Dataset entries
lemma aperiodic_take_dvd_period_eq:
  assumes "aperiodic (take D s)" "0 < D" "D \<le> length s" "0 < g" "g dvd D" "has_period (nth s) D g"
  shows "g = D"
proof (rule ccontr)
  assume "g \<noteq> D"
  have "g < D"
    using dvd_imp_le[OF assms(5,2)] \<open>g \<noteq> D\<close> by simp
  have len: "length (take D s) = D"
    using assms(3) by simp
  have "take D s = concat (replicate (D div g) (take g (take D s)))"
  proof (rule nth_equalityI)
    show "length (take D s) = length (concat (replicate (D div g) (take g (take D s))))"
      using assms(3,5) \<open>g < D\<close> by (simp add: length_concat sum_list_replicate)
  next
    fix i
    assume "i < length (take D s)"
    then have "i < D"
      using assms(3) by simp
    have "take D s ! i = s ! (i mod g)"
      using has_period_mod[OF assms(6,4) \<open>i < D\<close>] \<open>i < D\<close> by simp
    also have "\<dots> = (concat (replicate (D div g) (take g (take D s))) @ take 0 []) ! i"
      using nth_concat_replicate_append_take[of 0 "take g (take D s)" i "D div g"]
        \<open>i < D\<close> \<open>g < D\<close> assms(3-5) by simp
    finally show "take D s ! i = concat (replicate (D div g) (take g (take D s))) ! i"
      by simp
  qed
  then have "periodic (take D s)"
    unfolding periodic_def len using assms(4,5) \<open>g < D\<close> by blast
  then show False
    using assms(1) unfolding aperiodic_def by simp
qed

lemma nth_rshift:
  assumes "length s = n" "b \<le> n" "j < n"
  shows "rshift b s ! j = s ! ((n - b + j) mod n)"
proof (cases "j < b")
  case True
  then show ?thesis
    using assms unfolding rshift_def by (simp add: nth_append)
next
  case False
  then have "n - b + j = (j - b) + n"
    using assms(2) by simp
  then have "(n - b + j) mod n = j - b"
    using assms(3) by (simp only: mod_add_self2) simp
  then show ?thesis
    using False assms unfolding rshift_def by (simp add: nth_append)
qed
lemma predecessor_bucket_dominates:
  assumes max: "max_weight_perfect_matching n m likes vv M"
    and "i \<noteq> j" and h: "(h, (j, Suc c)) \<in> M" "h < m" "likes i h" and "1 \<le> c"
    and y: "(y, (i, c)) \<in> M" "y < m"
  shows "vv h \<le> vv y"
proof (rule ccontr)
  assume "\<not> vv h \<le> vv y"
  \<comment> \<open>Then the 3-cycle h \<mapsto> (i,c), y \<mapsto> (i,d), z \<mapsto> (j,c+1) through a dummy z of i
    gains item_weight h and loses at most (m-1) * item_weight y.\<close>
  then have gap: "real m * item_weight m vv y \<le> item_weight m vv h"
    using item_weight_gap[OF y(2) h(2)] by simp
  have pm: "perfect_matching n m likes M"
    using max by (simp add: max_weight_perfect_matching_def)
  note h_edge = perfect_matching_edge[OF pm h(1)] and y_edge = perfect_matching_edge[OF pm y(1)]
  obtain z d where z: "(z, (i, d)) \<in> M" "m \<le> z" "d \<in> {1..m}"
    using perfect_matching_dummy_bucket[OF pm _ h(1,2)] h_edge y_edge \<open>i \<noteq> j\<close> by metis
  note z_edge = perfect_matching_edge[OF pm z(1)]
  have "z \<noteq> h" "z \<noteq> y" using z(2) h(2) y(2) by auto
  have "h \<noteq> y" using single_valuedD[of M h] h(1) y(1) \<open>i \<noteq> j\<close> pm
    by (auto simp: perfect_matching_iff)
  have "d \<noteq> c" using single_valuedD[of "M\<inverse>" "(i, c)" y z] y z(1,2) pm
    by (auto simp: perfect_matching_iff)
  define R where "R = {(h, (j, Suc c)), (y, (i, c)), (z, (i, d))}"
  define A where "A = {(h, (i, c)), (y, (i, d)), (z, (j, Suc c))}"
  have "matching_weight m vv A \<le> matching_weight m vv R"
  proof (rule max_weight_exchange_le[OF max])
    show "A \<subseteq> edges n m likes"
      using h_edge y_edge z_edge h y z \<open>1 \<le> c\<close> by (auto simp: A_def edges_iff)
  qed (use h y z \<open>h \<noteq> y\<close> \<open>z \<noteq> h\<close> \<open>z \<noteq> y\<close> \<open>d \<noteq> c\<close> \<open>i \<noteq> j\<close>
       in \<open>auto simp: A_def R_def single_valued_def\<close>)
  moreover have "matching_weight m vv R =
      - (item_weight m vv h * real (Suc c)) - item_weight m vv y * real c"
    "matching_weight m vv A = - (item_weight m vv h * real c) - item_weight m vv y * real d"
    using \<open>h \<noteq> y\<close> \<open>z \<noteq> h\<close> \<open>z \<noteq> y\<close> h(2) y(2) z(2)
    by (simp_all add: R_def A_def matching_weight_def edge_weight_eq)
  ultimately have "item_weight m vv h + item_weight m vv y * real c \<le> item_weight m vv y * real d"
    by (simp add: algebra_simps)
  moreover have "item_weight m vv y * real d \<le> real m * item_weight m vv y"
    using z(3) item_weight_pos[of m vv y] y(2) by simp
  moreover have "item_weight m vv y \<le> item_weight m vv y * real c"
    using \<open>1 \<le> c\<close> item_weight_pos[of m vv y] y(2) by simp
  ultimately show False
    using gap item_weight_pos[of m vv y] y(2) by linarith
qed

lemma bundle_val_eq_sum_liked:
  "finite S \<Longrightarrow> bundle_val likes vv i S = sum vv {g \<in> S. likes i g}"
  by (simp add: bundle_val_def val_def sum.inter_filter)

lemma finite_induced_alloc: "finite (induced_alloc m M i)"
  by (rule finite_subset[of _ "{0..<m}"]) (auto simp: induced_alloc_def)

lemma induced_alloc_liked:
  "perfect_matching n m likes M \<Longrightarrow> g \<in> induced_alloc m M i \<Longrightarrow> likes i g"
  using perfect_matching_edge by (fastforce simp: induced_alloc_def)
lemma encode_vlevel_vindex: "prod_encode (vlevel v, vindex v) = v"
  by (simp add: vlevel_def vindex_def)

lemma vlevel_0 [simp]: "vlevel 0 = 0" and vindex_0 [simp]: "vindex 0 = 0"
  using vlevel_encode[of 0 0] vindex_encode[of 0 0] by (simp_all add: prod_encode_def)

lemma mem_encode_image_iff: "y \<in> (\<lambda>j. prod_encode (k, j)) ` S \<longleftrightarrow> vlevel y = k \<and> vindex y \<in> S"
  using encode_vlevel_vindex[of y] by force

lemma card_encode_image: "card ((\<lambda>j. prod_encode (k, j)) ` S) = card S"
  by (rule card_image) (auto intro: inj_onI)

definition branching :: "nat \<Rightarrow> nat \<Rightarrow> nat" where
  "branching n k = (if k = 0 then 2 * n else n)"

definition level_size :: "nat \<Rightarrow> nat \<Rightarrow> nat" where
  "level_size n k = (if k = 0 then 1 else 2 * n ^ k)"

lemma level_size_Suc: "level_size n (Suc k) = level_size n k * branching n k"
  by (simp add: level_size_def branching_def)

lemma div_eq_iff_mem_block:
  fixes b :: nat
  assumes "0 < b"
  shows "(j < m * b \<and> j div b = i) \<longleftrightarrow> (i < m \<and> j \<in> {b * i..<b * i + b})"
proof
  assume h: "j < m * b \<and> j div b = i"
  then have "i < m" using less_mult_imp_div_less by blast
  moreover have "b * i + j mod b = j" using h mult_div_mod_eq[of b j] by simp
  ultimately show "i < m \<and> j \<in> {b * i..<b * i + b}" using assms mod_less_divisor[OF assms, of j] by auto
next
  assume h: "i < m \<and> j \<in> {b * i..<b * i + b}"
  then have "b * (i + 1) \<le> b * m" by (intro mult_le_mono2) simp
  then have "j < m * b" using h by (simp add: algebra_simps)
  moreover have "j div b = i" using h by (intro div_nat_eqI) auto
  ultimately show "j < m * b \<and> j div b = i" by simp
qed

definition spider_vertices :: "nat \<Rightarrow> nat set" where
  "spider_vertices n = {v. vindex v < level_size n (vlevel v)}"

- Task goal:
All that should be written out is the stretch of lines above between the one holding "by (simp add: level_size_def branching_def)" and the one holding "less_mult_imp_div_less by blast", inclusive, exactly as given.

- Your solution:
  by (simp add: level_size_def branching_def)

lemma div_eq_iff_mem_block:
  fixes b :: nat
  assumes "0 < b"
  shows "(j < m * b \<and> j div b = i) \<longleftrightarrow> (i < m \<and> j \<in> {b * i..<b * i + b})"
proof
  assume h: "j < m * b \<and> j div b = i"
  then have "i < m" using less_mult_imp_div_less by blast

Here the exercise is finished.